Benigno and Ana with their cat in Arneiro, in front of the silos built during colonization. Each house had its own silos, structures that had never been seen in Galicia and that were never even understood by its inhabitants. These structures were imposed on the landscape from southern Spain. Today, they have a wide variety of uses.
Carlos, a settler in Matodoso, doing farm work on his plot of land. He says that the plan forgot about them…
José Antonio, who is part of the Veiga de Pumar colonization plan, regrets that the colonization has not taken his plan into account and has fallen into oblivion.
Celso is a farmer who lives in Veiga de Pumar. He came with his family from a village in A Fonsagrada, where the Glandas de Salime reservoir was built
Emilia, 89 years old. She is a settler on land near Terra Chá. Attracted by the transfer of land and coming from a family that did not want to set up a bar in the settlement.
Nieves and Felipe came from Switzerland, where they had emigrated to care for their parents. They were settlers. Nieves comments that it is a place that failed to integrate with the local architecture. A place that does not create a sense of belonging and that was rejected by the locals during the Franco regime.
Claudino is one of the first settlers to arrive in Terra Chá: “It’s worthless land. It’s very difficult to work. In summer it’s extremely dry, which is why they created irrigation systems, and in winter it floods.”
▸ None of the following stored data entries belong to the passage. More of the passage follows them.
lemma line_edge_transitive:
  assumes l: "geodesic_line d l" and F: "perm_group d F" and F': "perm_group d F'"
    and R: "R \<in> GFF d F F'" "\<And>n. R (l n) = l (-n)"
    and T: "T \<in> GFF d F F'" "\<And>n. T (l n) = l (n + 2)"
    and e: "e \<in> geom_edges (range l)" and e': "e' \<in> geom_edges (range l)"
  shows "\<exists>k\<in>Gplus d F F'. k ` range l = range l \<and> k ` e = e'"
proof -
  obtain n n' where n: "e = {l n, l (n + 1)}" and n': "e' = {l n', l (n' + 1)}"
    using geom_edges_line[OF l] e e' by blast
  show ?thesis
  proof (cases "even (n' - n)")
    case True
    then obtain m where m: "n' - n = 2 * m" by (metis evenE)
    obtain k where k: "k \<in> GFF d F F'" "\<forall>j. k (l j) = l (j + 2 * m)"
      using even_translations_GFF[OF F F' R T] by blast
    have "k \<in> Gplus d F F' \<and> k ` range l = range l"
      using line_stabilizer_Gplus[OF l k(1), of 1 "2 * m"] k(2) by simp
    moreover have "k ` e = e'" using n n' k(2) m by (simp add: algebra_simps)
    ultimately show ?thesis by blast
  next
    case False
    then obtain m where m: "n' + n + 1 = 2 * m" by (metis evenE odd_add odd_one even_diff)
    obtain k where k: "k \<in> GFF d F F'" "\<forall>j. k (l j) = l (j + 2 * m)"
      using even_translations_GFF[OF F F' R T] by blast
    have kR: "\<And>j. (k \<circ> R) (l j) = l (-1 * j + 2 * m)" using k(2) R(2) by simp
    have "k \<circ> R \<in> Gplus d F F' \<and> (k \<circ> R) ` range l = range l"
      by (rule line_stabilizer_Gplus[OF l GFF_comp[OF F F' k(1) R(1)], where s = "-1" and t = "2 * m"])
         (use kR in auto)
    moreover have "(k \<circ> R) ` e = e'"
    proof -
      have "(k \<circ> R) ` e = {(k \<circ> R) (l n), (k \<circ> R) (l (n + 1))}" using n by simp
      also have "\<dots> = {l (-1 * n + 2 * m), l (-1 * (n + 1) + 2 * m)}" by (simp only: kR)
      also have "\<dots> = e'"
      proof -
        have "-1 * n + 2 * m = n' + 1" "-1 * (n + 1) + 2 * m = n'" using m by simp_all
        then show ?thesis using n' by (metis insert_commute)
      qed
      finally show ?thesis .
    qed
    ultimately show ?thesis by blast
  qed
qed

theorem mainTheorem8:
  fixes d :: nat and F F' :: "(nat \<Rightarrow> nat) set"
  assumes "d \<ge> 3"
    and "perm_group d F" and "perm_group d F'" and "F \<subseteq> F'"
    and "preserves_orbits d F F'"
    and "F \<noteq> {id}"
    and "two_transitive d F'"
  shows "\<exists>l. geodesic_line d l \<and>
           (\<exists>g\<in>Gplus d F F'. g ` range l = range l \<and> (\<forall>n. g (l n) = l (n + 2))) \<and>
           (\<exists>h\<in>Gplus d F F'. h ` range l = range l \<and>
               (\<exists>n0. h (l n0) = l n0 \<and> (\<forall>n. h (l n) = l (2 * n0 - n)))) \<and>
           (\<forall>e\<in>geom_edges (range l). \<forall>e'\<in>geom_edges (range l).
               \<exists>k\<in>Gplus d F F'. k ` range l = range l \<and> k ` e = e')"
proof -
  note F = assms(2) and F' = assms(3) and G = assms(2-5,7)
  obtain b x where b: "b \<in> F" and x: "x \<in> Omega d" "b x \<noteq> x"
    using perm_group_nontrivial_moves[OF F assms(6)] .
  define l where "l = twisted_line b (b x) x"
  have bp: "b permutes Omega d" using perm_group_permutes[OF F b] .
  have bx: "b x \<in> Omega d" "b (b x) \<noteq> b x"
    using x permutes_in_image[OF bp] permutes_inj[OF bp] by (auto dest: injD)
  have l: "geodesic_line d l"
    unfolding l_def using twisted_line_geodesic[OF bx(1) x(1) x(2) bp bx(2)] .
  obtain R where R: "R \<in> GFF d F F'" "\<And>n. R (l n) = l (-n)"
    using twisted_line_reflection[OF G bx(1) x(1) x(2) b bx(2)] unfolding l_def by blast
  obtain T where T: "T \<in> GFF d F F'" "\<And>n. T (l n) = l (n + 2)"
    using twisted_line_translation[OF G b x] unfolding l_def by blast
  have "R \<in> Gplus d F F' \<and> R ` range l = range l"
    using line_stabilizer_Gplus[OF l R(1), where s = "-1" and t = 0] R(2) by simp
  then have "\<exists>h\<in>Gplus d F F'. h ` range l = range l \<and>
               (\<exists>n0. h (l n0) = l n0 \<and> (\<forall>n. h (l n) = l (2 * n0 - n)))"
    using R(2) by (intro bexI[of _ R] conjI exI[of _ 0]) auto
  moreover have "T \<in> Gplus d F F' \<and> T ` range l = range l"
    using line_stabilizer_Gplus[OF l T(1), where s = 1 and t = 2] T(2) by simp
  ultimately show ?thesis
    using l T(2) line_edge_transitive[OF l F F' R T] by blast
qed
(* Let $\alpha,\alpha'$ be Morse–Thue decorated sentences over a finite alphabet $A$. Suppose that $\alpha$ and $\alpha'$ have a common final segment (identical as strings of decorated letters, including decorated stop signs) containing at least $l$ letters from $A$, where $l\ge0$ is an integer, and that $\big||\alpha|-|\alpha'|\big|\le l/2$. Then $|\alpha|=|\alpha'|$.
   Context: Morse–Thue sequence: start from $0$ and repeatedly apply the substitution $0\mapsto01$, $1\mapsto10$, obtaining $0,01,0110,01101001,\dots$; the limit infinite sequence is $(t(m))_{m\ge0}$ with values in $\{0,1\}$. A sentence over $A$ is a finite string in $A\cup\{s\}$ ending with the stop sign $s\notin A$ (words of $A$ each terminated by $s$). Levels of letters: the first letter has level 1 if it is not $s$ and 0 otherwise; each subsequent letter has level one more than the previous letter if it is not $s$, and the same level as the previous letter if it is $s$. The length $|\alpha|$ is the level of the last letter (i.e. the number of letters from $A$). The Morse–Thue decoration of $\alpha$ replaces every letter $x$ (including stop signs) of level $m$ by $(x,t(m))$. *)

theory Defs
  imports Complex_Main
begin

fun mt_word :: "nat \<Rightarrow> nat list" where
  "mt_word 0 = [0]"
| "mt_word (Suc n) = concat (map (\<lambda>b. if b = 0 then [0, 1] else [1, 0]) (mt_word n))"

text \<open>The limit sequence: mt_word n has length 2^n and is a prefix of mt_word (Suc n);
  the m-th term is read off from mt_word (Suc m), which has length greater than m.\<close>
definition thue_morse :: "nat \<Rightarrow> nat" where
  "thue_morse m = mt_word (Suc m) ! m"

definition sentence :: "'a set \<Rightarrow> 'a \<Rightarrow> 'a list \<Rightarrow> bool" where
  "sentence A s \<alpha> \<longleftrightarrow> \<alpha> \<noteq> [] \<and> last \<alpha> = s \<and> set \<alpha> \<subseteq> A \<union> {s}"

fun levels_from :: "'a \<Rightarrow> nat \<Rightarrow> 'a list \<Rightarrow> nat list" where
  "levels_from s p [] = []"
| "levels_from s p (x # xs) =
     (let q = (if x = s then p else Suc p) in q # levels_from s q xs)"

definition levels :: "'a \<Rightarrow> 'a list \<Rightarrow> nat list" where
  "levels s \<alpha> = levels_from s 0 \<alpha>"

definition sent_len :: "'a \<Rightarrow> 'a list \<Rightarrow> nat" where
  "sent_len s \<alpha> = last (levels s \<alpha>)"

definition mt_decorate :: "'a \<Rightarrow> 'a list \<Rightarrow> ('a \<times> nat) list" where
  "mt_decorate s \<alpha> = zip \<alpha> (map thue_morse (levels s \<alpha>))"

end

theory Submission
  imports Defs
begin

text \<open>
  On the common final segment \<open>\<gamma>\<close> the two decorations agree, while the letters of \<open>\<gamma>\<close>
  from \<open>A\<close> have levels \<open>q+1, \<dots>, q+c\<close> in one sentence and \<open>q'+1, \<dots>, q'+c\<close> in the other,
  with \<open>c \<ge> l\<close> and \<open>|\<alpha>| - |\<alpha>'| = q - q'\<close>. Hence the Thue-Morse sequence \<open>t\<close> agrees with its
  shift by \<open>d = |q - q'|\<close> on a window of length \<open>c \<ge> 2d\<close>, i.e. \<open>t\<close> contains a cube \<open>www\<close>
  with \<open>|w| = d\<close> unless \<open>d = 0\<close>. But \<open>t\<close> is cube-free: by \<open>t(2m) = t(m)\<close> a cube of even
  period \<open>2e\<close> yields one of period \<open>e\<close>, and a cube of odd period contradicts
  \<open>t(2m) \<noteq> t(2m+1)\<close>, which forbids three equal consecutive values.
\<close>

fun thue_morse_rec :: "nat \<Rightarrow> nat" where
  "thue_morse_rec n =
     (if n = 0 then 0 else if even n then thue_morse_rec (n div 2) else 1 - thue_morse_rec (n div 2))"

declare thue_morse_rec.simps [simp del]

lemma thue_morse_rec_le_1: "thue_morse_rec n \<le> 1"
  by (induction n rule: thue_morse_rec.induct) (subst thue_morse_rec.simps, auto)

lemma length_concat_map_const:
  assumes "\<And>x. length (f x) = k"
  shows "length (concat (map f xs)) = k * length xs"
  using assms by (induction xs) auto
Manolo comes from the mountainous region of Lugo. Several settlers who arrived in Matadoso came from isolated villages in the mountains of Lugo.
Herminio had a bar in the center of the Arneiro settlement. Today, Franco’s plan has been abandoned, and the area was the result of a social and economic experiment that marked the beginning of intensive livestock farming in Galicia, but they and their architecture have been forgotten since the Franco years.
The first family to arrive at Matadoso. Nearby was the pilot house, which is still referred to today as “the pilot’s house.” These were the houses that were built as trials. The buildings were gradually forgotten by the National Colonization Institute, and that was when the settlers began to adapt them to their needs. It should be remembered that these buildings had been designed for southern Spain, and Galicia is completely different from the rest of Spain, with excessive humidity and an Atlantic climate.
In the 1950s and 1960s, the National Colonization Institute launched a project to transform rural Galicia into a model of intensive agricultural production. In Terra Chá, villages such as Matodoso, Arneiro, Pumar, and A Espiñeira were built, designed by Galician architect Alejandro de la Sota, although the urban and architectural concepts followed patterns that were foreign to the region.
These settlements were part of an experiment to repopulate rural Galicia. However, the design was based on models designed for the dry, warm regions of southern Spain. The single-story houses with low-pitched roofs were not suitable for Galicia’s humid climate. The materials and forms, rooted in functionalist modernism, were designed for the hot summers of southern Spain, not for the constant rain and cold of the north.
De la Sota, one of Spain’s most renowned architects, used a rationalist aesthetic with clean lines and geometric shapes, but did not take into account Galicia’s unique climate. The houses, uniform and lacking traditional Galician features such as granaries or thick stone walls to protect against humidity, were built with thin walls and low ceilings, which quickly revealed their structural flaws when exposed to constant rain.
The urban layout, based on efficiency, featured organized streets, central squares, and a standardized distribution. However, the design failed to integrate with Galicia’s natural landscape. The villages imposed an artificial landscape that, decades later, continues to clash with the rural environment. The settlers, many of whom had been displaced by the construction of dams such as Glandas de Salime, found themselves in a completely alien environment. The land was of poor agricultural quality and the project failed to deliver on the regime’s promises. The buildings, once symbols of progress, soon began to deteriorate, leaving villages that never lived up to expectations.
Over time, the villages of Terra Chá have become testimony to a failed experiment. The architecture, alien to the landscape and climate, marks the collective memory of the settlers and their descendants. What was once presented as a symbol of modernization now appears as alien architecture that never integrated with its surroundings or its people, an invented landscape.